Repeat exactly the lines from the start of the records below through the line that contains "g \<in> \<Gamma> \<and>", including both.

Segment Start: INPUT RECORDS

lemma limsup_payment_mechanism:
  fixes Q :: "nat \<Rightarrow> real^'k \<Rightarrow> real^'k" and P :: "nat \<Rightarrow> real^'k \<Rightarrow> real"
  assumes "compact \<Gamma>"
    and admissible: "\<And>n. admissible \<Gamma> (Q n) (P n)" and normalized: "\<And>n. P n 0 = 0"
  obtains r q S where "strict_mono r" "admissible \<Gamma> q S"
    "\<And>x. x \<in> orthant \<Longrightarrow> S x = enn2real (limsup (\<lambda>n. ennreal (P (r n) x)))"
proof -
  obtain r where "strict_mono r"
    and convergent: "\<And>x. x \<in> orthant \<Longrightarrow> convergent (\<lambda>n. utility (Q (r n)) (P (r n)) x)"
    using normalized_utilities_convergent_subseq[where Q = Q and P = P, OF assms] by blast
  define U where "U x = lim (\<lambda>n. utility (Q (r n)) (P (r n)) x)" for x
  have U: "(\<lambda>n. utility (Q (r n)) (P (r n)) x) \<longlonglongrightarrow> U x" if "x \<in> orthant" for x
    using convergent[OF that] by (simp add: U_def convergent_LIMSEQ_iff)
  define S where "S x = enn2real (limsup (\<lambda>n. ennreal (P (r n) x)))" for x
  have "\<forall>x\<in>orthant. \<exists>g.
      g \<in> \<Gamma> \<and> g \<bullet> x = S x + U x \<and> (\<forall>y\<in>orthant. U x + g \<bullet> (y - x) \<le> U y)"
    using limsup_payment_subgradient[where Q = "\<lambda>n. Q (r n)" and P = "\<lambda>n. P (r n)",
        OF \<open>compact \<Gamma>\<close> admissible normalized U]
    unfolding S_def by blast
  then obtain q where q: "\<forall>x\<in>orthant.
      q x \<in> \<Gamma> \<and> q x \<bullet> x = S x + U x \<and> (\<forall>y\<in>orthant. U x + q x \<bullet> (y - x) \<le> U y)"
    by (rule bchoice[THEN exE])
  have [measurable]: "P n \<in> borel_measurable borel" for n
    using admissible[of n] by (simp add: admissible_def mechanism_def)
  have "S \<in> borel_measurable borel"
    unfolding S_def by measurable
  moreover have "0 \<le> U x" if "x \<in> orthant" for x
    using admissible that
    by (intro LIMSEQ_le_const[OF U[OF that]]) (auto simp: admissible_def IR_def utility_def)
  ultimately have "admissible \<Gamma> q S"
    using q by (intro admissible_of_subgradient[where U = U]) (auto simp: mechanism_def)
  with \<open>strict_mono r\<close> show ?thesis
    by (rule that) (simp add: S_def)
qed

section \<open>Revenue\<close>

lemma revenue_le_Rev: "admissible \<Gamma> q s \<Longrightarrow> ereal (revenue M X s) \<le> Rev \<Gamma> M X"
  unfolding Rev_def admissible_def by (rule SUP_upper2[of "(q, s)"]) auto

lemma admissible_revenue_le:
  assumes "admissible \<Gamma> q s" "\<forall>g\<in>\<Gamma>. norm g \<le> C" "0 \<le> C"
    and "\<And>\<omega>. \<omega> \<in> space M \<Longrightarrow> X \<omega> \<in> orthant" "integrable M (\<lambda>\<omega>. norm (X \<omega>))"
  shows "revenue M X s \<le> C * (\<integral>\<omega>. norm (X \<omega>) \<partial>M)"
proof (cases "integrable M (\<lambda>\<omega>. s (X \<omega>))")
  case True
  then have "revenue M X s \<le> (\<integral>\<omega>. C * norm (X \<omega>) \<partial>M)"
    unfolding revenue_def using assms by (intro integral_mono) (auto intro: admissible_payment_le)
  then show ?thesis by simp
next
  case False
  then show ?thesis
    using assms(3) by (simp add: revenue_def not_integrable_integral_eq)
qed

lemma Rev_finite:
  assumes "\<Gamma> \<subseteq> orthant" "\<Gamma> \<noteq> {}" "compact \<Gamma>"
    and "\<And>\<omega>. \<omega> \<in> space M \<Longrightarrow> X \<omega> \<in> orthant" "integrable M (\<lambda>\<omega>. norm (X \<omega>))"
  obtains R where "Rev \<Gamma> M X = ereal R"
proof -
  obtain C where C: "0 \<le> C" "\<forall>g\<in>\<Gamma>. norm g \<le> C"
    using compact_imp_bounded[OF \<open>compact \<Gamma>\<close>] by (meson bounded_pos less_imp_le)
  obtain g where "g \<in> \<Gamma>"
    using \<open>\<Gamma> \<noteq> {}\<close> by blast
  then have "admissible \<Gamma> (\<lambda>_. g) (\<lambda>_. 0)"
    using assms(1) by (auto simp: admissible_def mechanism_def IC_def IR_def intro: inner_nonneg_orthant)
  then have "ereal 0 \<le> Rev \<Gamma> M X"
    using revenue_le_Rev by (fastforce simp: revenue_def)
  moreover have "Rev \<Gamma> M X \<le> ereal (C * (\<integral>\<omega>. norm (X \<omega>) \<partial>M))"
    unfolding Rev_def using admissible_revenue_le[OF _ C(2,1) assms(4,5)]
    by (intro SUP_least) (auto simp: admissible_def)
  ultimately show ?thesis
    using that by (cases "Rev \<Gamma> M X") auto
qed

context prob_space
begin

lemma revenue_normalize_ge:
  assumes "s 0 \<le> 0"
  shows "revenue M X s \<le> revenue M X (\<lambda>x. s x - s 0)"
proof (cases "integrable M (\<lambda>\<omega>. s (X \<omega>))")
  case True
  then have "revenue M X (\<lambda>x. s x - s 0) = revenue M X s - s 0"
    by (simp add: revenue_def prob_space)
  then show ?thesis
    using assms by simp
next
  case False
  have "integrable M (\<lambda>\<omega>. s (X \<omega>))" if "integrable M (\<lambda>\<omega>. s (X \<omega>) - s 0)"
    using Bochner_Integration.integrable_add[OF that integrable_const[of "s 0"]] by simp
  with False have "\<not> integrable M (\<lambda>\<omega>. s (X \<omega>) - s 0)"
    by blast
  then show ?thesis
    using False by (simp add: revenue_def not_integrable_integral_eq)
qed

lemma maximizing_sequence:
  assumes "\<Gamma> \<subseteq> orthant" "Rev \<Gamma> M X = ereal R"
  obtains Q P where "\<And>n. admissible \<Gamma> (Q n) (P n)" "\<And>n. P n 0 = 0"
    "(\<lambda>n. revenue M X (P n)) \<longlonglongrightarrow> R"
proof -
  have "\<exists>m. admissible \<Gamma> (fst m) (snd m) \<and> snd m 0 = 0
      \<and> R - inverse (real (Suc n)) < revenue M X (snd m)" for n
  proof -
    have "ereal (R - inverse (real (Suc n))) < Rev \<Gamma> M X"
      using assms(2) by simp
    then obtain q s where "admissible \<Gamma> q s" "R - inverse (real (Suc n)) < revenue M X s"
      unfolding Rev_def less_SUP_iff admissible_def by auto
    then show ?thesis
      using admissible_normalize[OF _ assms(1)] revenue_normalize_ge
      by (intro exI[of _ "(q, \<lambda>x. s x - s 0)"]) (fastforce intro: less_le_trans)
  qed
  then obtain m where m: "\<And>n. admissible \<Gamma> (fst (m n)) (snd (m n))" "\<And>n. snd (m n) 0 = 0"
    and lower: "\<And>n. R - inverse (real (Suc n)) < revenue M X (snd (m n))"
    by metis
  have upper: "revenue M X (snd (m n)) \<le> R" for n
    using revenue_le_Rev[OF m(1), where M = M and X = X] assms(2) by simp
  have "(\<lambda>n. revenue M X (snd (m n))) \<longlonglongrightarrow> R"
  proof (rule tendsto_sandwich[of "\<lambda>n. R - inverse (real (Suc n))" _ _ "\<lambda>_. R"])
    show "(\<lambda>n. R - inverse (real (Suc n))) \<longlonglongrightarrow> R"
      using tendsto_diff[OF tendsto_const LIMSEQ_inverse_real_of_nat, of R] by simp
  qed (use lower upper in \<open>auto intro: always_eventually less_imp_le\<close>)
  then show ?thesis
    using that[of "\<lambda>n. fst (m n)" "\<lambda>n. snd (m n)"] m by blast
qed

end

text \<open>Reverse Fatou lemma.\<close>
lemma revenue_limsup_ge:
  assumes [measurable]: "X \<in> borel_measurable M"
    and X: "\<And>\<omega>. \<omega> \<in> space M \<Longrightarrow> X \<omega> \<in> orthant"
    and [measurable]: "\<And>n. P n \<in> borel_measurable borel" "w \<in> borel_measurable borel"
      "S \<in> borel_measurable borel"
    and bounds: "\<And>n x. x \<in> orthant \<Longrightarrow> 0 \<le> P n x \<and> P n x \<le> w x"
    and "integrable M (\<lambda>\<omega>. w (X \<omega>))"
    and S: "\<And>x. x \<in> orthant \<Longrightarrow> S x = enn2real (limsup (\<lambda>n. ennreal (P n x)))"
    and "(\<lambda>n. revenue M X (P n)) \<longlonglongrightarrow> R"
  shows "R \<le> revenue M X S"
proof -
  have limsup_le: "limsup (\<lambda>n. ennreal (P n x)) \<le> ennreal (w x)" if "x \<in> orthant" for x
    using bounds[OF that] by (intro Limsup_bounded always_eventually) (auto intro: ennreal_leI)
  then have ennreal_S: "ennreal (S x) = limsup (\<lambda>n. ennreal (P n x))" if "x \<in> orthant" for x
    using S[OF that] limsup_le[OF that] ennreal_less_top le_less_trans
    by (metis ennreal_enn2real)
  have S_bounds: "0 \<le> S x \<and> S x \<le> w x" if "x \<in> orthant" for x
    using S[OF that] limsup_le[OF that] bounds[OF that]
    by (metis enn2real_ennreal enn2real_mono enn2real_nonneg ennreal_less_top order.trans)
  have integrable: "integrable M (\<lambda>\<omega>. f (X \<omega>))"
    if "f \<in> borel_measurable borel" "\<And>x. x \<in> orthant \<Longrightarrow> 0 \<le> f x \<and> f x \<le> w x" for f
    using that X by (intro Bochner_Integration.integrable_bound[OF \<open>integrable M _\<close>])
      (auto intro!: AE_I2 intro: order.trans[OF _ abs_ge_self])
  have nn_integral_revenue: "(\<integral>\<^sup>+\<omega>. ennreal (f (X \<omega>)) \<partial>M) = ennreal (revenue M X f)"
    if "f \<in> borel_measurable borel" "\<And>x. x \<in> orthant \<Longrightarrow> 0 \<le> f x \<and> f x \<le> w x" for f
    unfolding revenue_def using integrable[OF that] that(2) X
    by (intro nn_integral_eq_integral) (auto intro!: AE_I2)
  have "(\<lambda>n. ennreal (revenue M X (P n))) \<longlonglongrightarrow> ennreal R"
    using \<open>(\<lambda>n. revenue M X (P n)) \<longlonglongrightarrow> R\<close> by (rule tendsto_ennrealI)
  then have "ennreal R = limsup (\<lambda>n. \<integral>\<^sup>+\<omega>. ennreal (P n (X \<omega>)) \<partial>M)"
    using nn_integral_revenue[of "P _"] bounds by (simp add: lim_imp_Limsup)
  also have "\<dots> \<le> (\<integral>\<^sup>+\<omega>. limsup (\<lambda>n. ennreal (P n (X \<omega>))) \<partial>M)"
  proof (rule nn_integral_limsup[where w = "\<lambda>\<omega>. ennreal (w (X \<omega>))"])
    show "AE \<omega> in M. ennreal (P n (X \<omega>)) \<le> ennreal (w (X \<omega>))" for n
      using bounds X by (auto intro!: AE_I2 ennreal_leI)
    show "(\<integral>\<^sup>+\<omega>. ennreal (w (X \<omega>)) \<partial>M) < \<infinity>"
      using nn_integral_revenue[of w] bounds by (fastforce intro: order.trans)
  qed measurable
  also have "\<dots> = (\<integral>\<^sup>+\<omega>. ennreal (S (X \<omega>)) \<partial>M)"
    using X ennreal_S by (intro nn_integral_cong) simp
  also have "\<dots> = ennreal (revenue M X S)"
    using nn_integral_revenue S_bounds by simp
  finally show ?thesis
    using S_bounds X by (cases "0 \<le> R") (auto simp: revenue_def intro!: integral_nonneg_AE AE_I2)
qed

Segment End: INPUT RECORDS

_THE COMPLETED TASK_
lemma limsup_payment_mechanism:
  fixes Q :: "nat \<Rightarrow> real^'k \<Rightarrow> real^'k" and P :: "nat \<Rightarrow> real^'k \<Rightarrow> real"
  assumes "compact \<Gamma>"
    and admissible: "\<And>n. admissible \<Gamma> (Q n) (P n)" and normalized: "\<And>n. P n 0 = 0"
  obtains r q S where "strict_mono r" "admissible \<Gamma> q S"
    "\<And>x. x \<in> orthant \<Longrightarrow> S x = enn2real (limsup (\<lambda>n. ennreal (P (r n) x)))"
proof -
  obtain r where "strict_mono r"
    and convergent: "\<And>x. x \<in> orthant \<Longrightarrow> convergent (\<lambda>n. utility (Q (r n)) (P (r n)) x)"
    using normalized_utilities_convergent_subseq[where Q = Q and P = P, OF assms] by blast
  define U where "U x = lim (\<lambda>n. utility (Q (r n)) (P (r n)) x)" for x
  have U: "(\<lambda>n. utility (Q (r n)) (P (r n)) x) \<longlonglongrightarrow> U x" if "x \<in> orthant" for x
    using convergent[OF that] by (simp add: U_def convergent_LIMSEQ_iff)
  define S where "S x = enn2real (limsup (\<lambda>n. ennreal (P (r n) x)))" for x
  have "\<forall>x\<in>orthant. \<exists>g.
      g \<in> \<Gamma> \<and> g \<bullet> x = S x + U x \<and> (\<forall>y\<in>orthant. U x + g \<bullet> (y - x) \<le> U y)"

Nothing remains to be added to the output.